Ces deux lois furent abrogées car elles ne correspondaient pas à la volonté syndicale qui se réclamait à cette époque. En effet, comment se défendre sans pouvoir se regrouper et sans se donner les moyens de le faire. Toutefois, la loi Waldeck-Rousseau ne fait que compléter d’autres lois qui abolissaient ces contraintes, telle la loi Ollivier du 25 mars 1864 qui abolit le délit de coalition sans pour autant supprimer le délit d’entrave à la liberté de travail.
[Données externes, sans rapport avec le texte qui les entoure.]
lemma height_prefix_rotate_1:
  assumes "r < length w" "i \<le> length w - r"
  shows "height (take i (rotate r w)) = height (take (r + i) w) - height (take r w)"
proof -
  have "rotate r w = drop r w @ take r w" using assms by (simp add: rotate_drop_take)
  hence "take i (rotate r w) = take i (drop r w)" using assms by simp
  moreover have "take (r + i) w = take r w @ take i (drop r w)" by (simp add: take_add)
  ultimately show ?thesis by simp
qed

lemma height_prefix_rotate_2:
  assumes "r < length w" "length w - r \<le> i" "i \<le> length w"
  shows "height (take i (rotate r w)) = height w - height (take r w) + height (take (i + r - length w) w)"
proof -
  have "rotate r w = drop r w @ take r w" using assms by (simp add: rotate_drop_take)
  moreover have "i + r - length w \<le> r" using assms by simp
  ultimately have "take i (rotate r w) = drop r w @ take (i + r - length w) w" using assms
    by (simp add: min_def)
  moreover have "height w = height (take r w) + height (drop r w)"
    by (metis append_take_drop_id height_append)
  ultimately show ?thesis by simp
qed

definition first_min_pos :: "bool list \<Rightarrow> nat \<Rightarrow> bool" where
  "first_min_pos w r \<longleftrightarrow> r < length w \<and>
     (\<forall>j<length w. height (take r w) \<le> height (take j w)) \<and> (\<forall>j<r. height (take r w) < height (take j w))"

lemma first_passage_rotate_first_min:
  assumes r: "r < length w" and hw: "height w = -1" and fp: "first_passage (length w) (rotate r w)"
  shows "first_min_pos w r"
proof -
  let ?N = "length w" let ?h = "\<lambda>j. height (take j w)"
  have pos: "\<And>i. i < ?N \<Longrightarrow> 0 \<le> height (take i (rotate r w))" using fp by (simp add: first_passage_def)
  have after: "?h r \<le> ?h j" if "j < ?N" "r \<le> j" for j
    using pos[of "j - r"] height_prefix_rotate_1[OF r, of "j - r"] that by simp
  have before: "?h r < ?h j" if "j < r" for j
  proof (cases "j = 0")
    case True
    have "0 \<le> height (take (?N - r) (rotate r w))" using pos that r by simp
    moreover have "height (take (?N - r) (rotate r w)) = ?h ?N - ?h r"
      using height_prefix_rotate_1[OF r, of "?N - r"] r by simp
    ultimately show ?thesis using hw True by simp
  next
    case False
    have "0 \<le> height (take (?N - r + j) (rotate r w))" using pos[of "?N - r + j"] that r by simp
    moreover have "height (take (?N - r + j) (rotate r w)) = height w - ?h r + ?h j"
      using height_prefix_rotate_2[OF r, of "?N - r + j"] r that by simp
    ultimately show ?thesis using hw by simp
  qed
  show ?thesis unfolding first_min_pos_def using r after before by (meson less_imp_le not_le)
qed

lemma first_min_rotate_first_passage:
  assumes hw: "height w = -1" and R: "first_min_pos w r"
  shows "first_passage (length w) (rotate r w)"
proof -
  let ?N = "length w" let ?h = "\<lambda>j. height (take j w)"
  have r: "r < ?N" using R by (simp add: first_min_pos_def)
  have "0 \<le> height (take i (rotate r w))" if i: "i < ?N" for i
  proof (cases "r + i < ?N")
    case True
    thus ?thesis using height_prefix_rotate_1[OF r, of i] R by (simp add: first_min_pos_def)
  next
    case False
    hence "0 < r" using i by simp
    hence "?h r \<le> -1" using R by (force simp: first_min_pos_def)
    show ?thesis
    proof (cases "r + i = ?N")
      case True
      thus ?thesis using height_prefix_rotate_1[OF r, of i] \<open>?h r \<le> -1\<close> hw by simp
    next
      case False
      hence "i + r - ?N < r" "?N - r \<le> i" using i \<open>\<not> r + i < ?N\<close> by auto
      thus ?thesis using height_prefix_rotate_2[OF r, of i] i R \<open>?h r \<le> -1\<close> hw
        by (fastforce simp: first_min_pos_def)
    qed
  qed
  thus ?thesis using hw by (simp add: first_passage_def del: height_rotate) simp
qed

lemma first_min_pos_exists:
  assumes "w \<noteq> []"
  shows "\<exists>r. first_min_pos w r"
proof -
  let ?N = "length w" let ?h = "\<lambda>j. height (take j w)"
  define M where "M = Min (?h ` {..<?N})"
  have fin: "finite (?h ` {..<?N})" by simp
  have "0 \<in> {..<?N}" using assms by simp
  hence "?h ` {..<?N} \<noteq> {}" by blast
  hence "M \<in> ?h ` {..<?N}" unfolding M_def using Min_in[OF fin] by blast
  then obtain r0 where r0: "r0 < ?N" "?h r0 = M" by auto
  define r where "r = (LEAST r. r < ?N \<and> ?h r = M)"
  have r: "r < ?N \<and> ?h r = M" unfolding r_def by (rule LeastI[of _ r0]) (use r0 in auto)
  have Mle: "M \<le> ?h j" if "j < ?N" for j unfolding M_def using Min_le[OF fin] that by auto
  have "?h r < ?h j" if j: "j < r" for j
  proof -
    have "\<not> (j < ?N \<and> ?h j = M)" using not_less_Least[OF j[unfolded r_def]] by blast
    thus ?thesis using Mle[of j] r j by auto
  qed
  thus ?thesis unfolding first_min_pos_def using r Mle by auto
qed

lemma first_min_pos_unique: "first_min_pos w r \<Longrightarrow> first_min_pos w r' \<Longrightarrow> r = r'"
  unfolding first_min_pos_def by (meson linorder_neqE_nat not_le)

lemma cycle_lemma:
  assumes hw: "height w = -1"
  shows "\<exists>!r. r < length w \<and> first_passage (length w) (rotate r w)"
proof -
  have "w \<noteq> []" using hw by auto
  then obtain r where r: "first_min_pos w r" using first_min_pos_exists by blast
  show ?thesis
  proof (rule ex1I[of _ r])
    show "r < length w \<and> first_passage (length w) (rotate r w)"
      using r first_min_rotate_first_passage[OF hw] by (simp add: first_min_pos_def)
  next
    fix r' assume "r' < length w \<and> first_passage (length w) (rotate r' w)"
    thus "r' = r" using first_passage_rotate_first_min[OF _ hw] first_min_pos_unique r by blast
  qed
qed

definition walks :: "nat \<Rightarrow> bool list set" where
  "walks N = {w. length w = N \<and> height w = -1}"

definition fp_walks :: "nat \<Rightarrow> bool list set" where
  "fp_walks N = {x. first_passage N x}"

lemma finite_walks: "finite (walks N)"
proof (rule finite_subset[OF _ finite_lists_length_eq[of "UNIV::bool set" N]])
  show "walks N \<subseteq> {xs. set xs \<subseteq> UNIV \<and> length xs = N}" unfolding walks_def by blast
qed simp

lemma fp_walks_subset: "fp_walks N \<subseteq> walks N" by (auto simp: fp_walks_def walks_def first_passage_def)

lemma finite_fp_walks: "finite (fp_walks N)" using finite_subset[OF fp_walks_subset finite_walks] .

lemma sum_one_unique:
  fixes N :: nat
  assumes "\<exists>!r. r < N \<and> P r"
  shows "(\<Sum>r<N. if P r then c else 0) = (c::real)"
proof -
  from assms obtain r0 where r0: "r0 < N" "P r0" "\<And>r. r < N \<Longrightarrow> P r \<Longrightarrow> r = r0" by blast
  have "(\<Sum>r<N. if P r then c else 0) = (\<Sum>r<N. if r = r0 then c else 0)"
  proof (rule sum.cong[OF refl])
    fix x assume "x \<in> {..<N}"
    hence "P x \<longleftrightarrow> x = r0" using r0 by blast
    thus "(if P x then c else 0) = (if x = r0 then c else 0)" by simp
  qed
  also have "\<dots> = c" using r0(1) by (subst sum.delta) auto
  finally show ?thesis .
qed
(* Let $G$ be a simple connected graph and let $v$ be a real eigenvector of $\mathcal M$ with $\mathcal Mv=\mu v$, $\mu>0$. Let $S=\{i: v_i\ge0\}$ and let $\theta\in[0,\pi/2)$ be the angle between $|v|=(|v_1|,\dots,|v_n|)^{\mathsf T}$ and $\delta$, i.e. $\cos\theta=\delta^{\mathsf T}|v|/(\|v\|_2\|\delta\|_2)$. If $$\mu+1>4\,\frac{\mathrm{vol}\, S\,\mathrm{vol}\, \bar S}{(\mathrm{vol}\, V)^2}\,\frac{1}{\cos^2\theta},$$ then $Q(S)>0$.
   Context: $G=(V,E)$ is a finite, undirected, unweighted, simple connected graph with adjacency matrix $A$, degrees $d_i$, $D=\mathrm{Diag}(d_i)$, $\delta=(\sqrt{d_1},\dots,\sqrt{d_n})^{\mathsf T}$, $\mathrm{vol}\, S=\sum_{i\in S}d_i$, $\bar S=V\setminus S$, $\mathbb 1_S$ the characteristic vector of $S$. $\mathcal M=D^{-1/2}AD^{-1/2}-\frac{1}{\mathrm{vol}\, V}\delta\delta^{\mathsf T}$. The modularity of $S$ is $Q(S)=\mathbb 1_S^{\mathsf T}A\mathbb 1_S-(\mathrm{vol}\, S)^2/\mathrm{vol}\, V$. *)

theory Defs
  imports "HOL-Analysis.Analysis"
begin

definition simple_graph :: "('n \<Rightarrow> 'n \<Rightarrow> bool) \<Rightarrow> bool" where
  "simple_graph E \<longleftrightarrow> (\<forall>i j. E i j \<longrightarrow> E j i) \<and> (\<forall>i. \<not> E i i)"

definition graph_connected :: "('n \<Rightarrow> 'n \<Rightarrow> bool) \<Rightarrow> bool" where
  "graph_connected E \<longleftrightarrow> (\<forall>i j. E\<^sup>*\<^sup>* i j)"

definition adj_matrix :: "('n::finite \<Rightarrow> 'n \<Rightarrow> bool) \<Rightarrow> real^'n^'n" where
  "adj_matrix E = (\<chi> i j. if E i j then 1 else 0)"

definition deg :: "('n::finite \<Rightarrow> 'n \<Rightarrow> bool) \<Rightarrow> 'n \<Rightarrow> real" where
  "deg E i = real (card {j. E i j})"

definition vol :: "('n::finite \<Rightarrow> 'n \<Rightarrow> bool) \<Rightarrow> 'n set \<Rightarrow> real" where
  "vol E S = (\<Sum>i\<in>S. deg E i)"

definition delta_vec :: "('n::finite \<Rightarrow> 'n \<Rightarrow> bool) \<Rightarrow> real^'n" where
  "delta_vec E = (\<chi> i. sqrt (deg E i))"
Prémices du droit de grève, sous certaines conditions.
A ces suppressions de lois, s’ajoutent des lois et articles qui ne pouvaient être appliqués aux syndicats professionnels. « Les articles 291, 292, 293, 294 du Code pénal et la loi du 18 avril 1834 ne sont pas applicables aux syndicats professionnels ».
De fait, l’ensemble de ces quatre articles interdisaient toutes associations non autorisées de plus de 20 personnes (interdiction, dissolution, sanction).
La loi du 18 avril 1834, elle aussi, était relative aux associations de plus de 20 personnes.
Il était donc impossible au gouvernement de légaliser les syndicats professionnels, s’ils ne disposaient pas de la faculté de pouvoir se réunir.
- Légalisation du syndicalisme.
Avec l’article premier qui supprime certaines lois restrictives, le gouvernement met en place sa politique de légalisation des syndicats professionnels. L’article 2 du texte de loi est un contre-pied à la loi Le Chapelier. Ce qui était interdit ne l’est désormais plus. « Les syndicats ou associations professionnelles, […], pourront se constituer librement sans l’autorisation du gouvernement ». Dès lors, les syndicats professionnels ne peuvent plus être considérés comme illégaux.
La définition de ce que doit être un syndicat professionnel dans le droit est également déterminée. L’article 3 fixe juridiquement l’objet et la raison de ces syndicats. « Les syndicats professionnels ont exclusivement pour objet l’étude et la défense des intérêts économiques, industriels, commerciaux et agricoles ». L’article 3 donne une définition volontairement corporatiste du syndicalisme. Cette loi assure donc un rôle de défense pour les travailleurs. En effet, la loi s’inscrit logiquement dans le contexte de l’époque, d’autant que les ouvriers prennent de plus en plus conscience de leur condition.
Avec ces premiers articles, la loi relative à la création des syndicats professionnels commence à prendre forme. Le rassemblement de personnes dans un syndicat professionnel n’est plus reconnu comme illégal.
- Un droit encadré.
Le gouvernement, face à l’ampleur de la contestation sociale de l’époque (cf. les différentes grèves), mit en place cette loi relativement vite afin d’essayer d’apaiser les choses. Toutefois, et toujours pour maintenir l’ordre, le gouvernement a voulu garder un certain contrôle de ces syndicats professionnels. En effet, celui-ci veut limiter leur influence.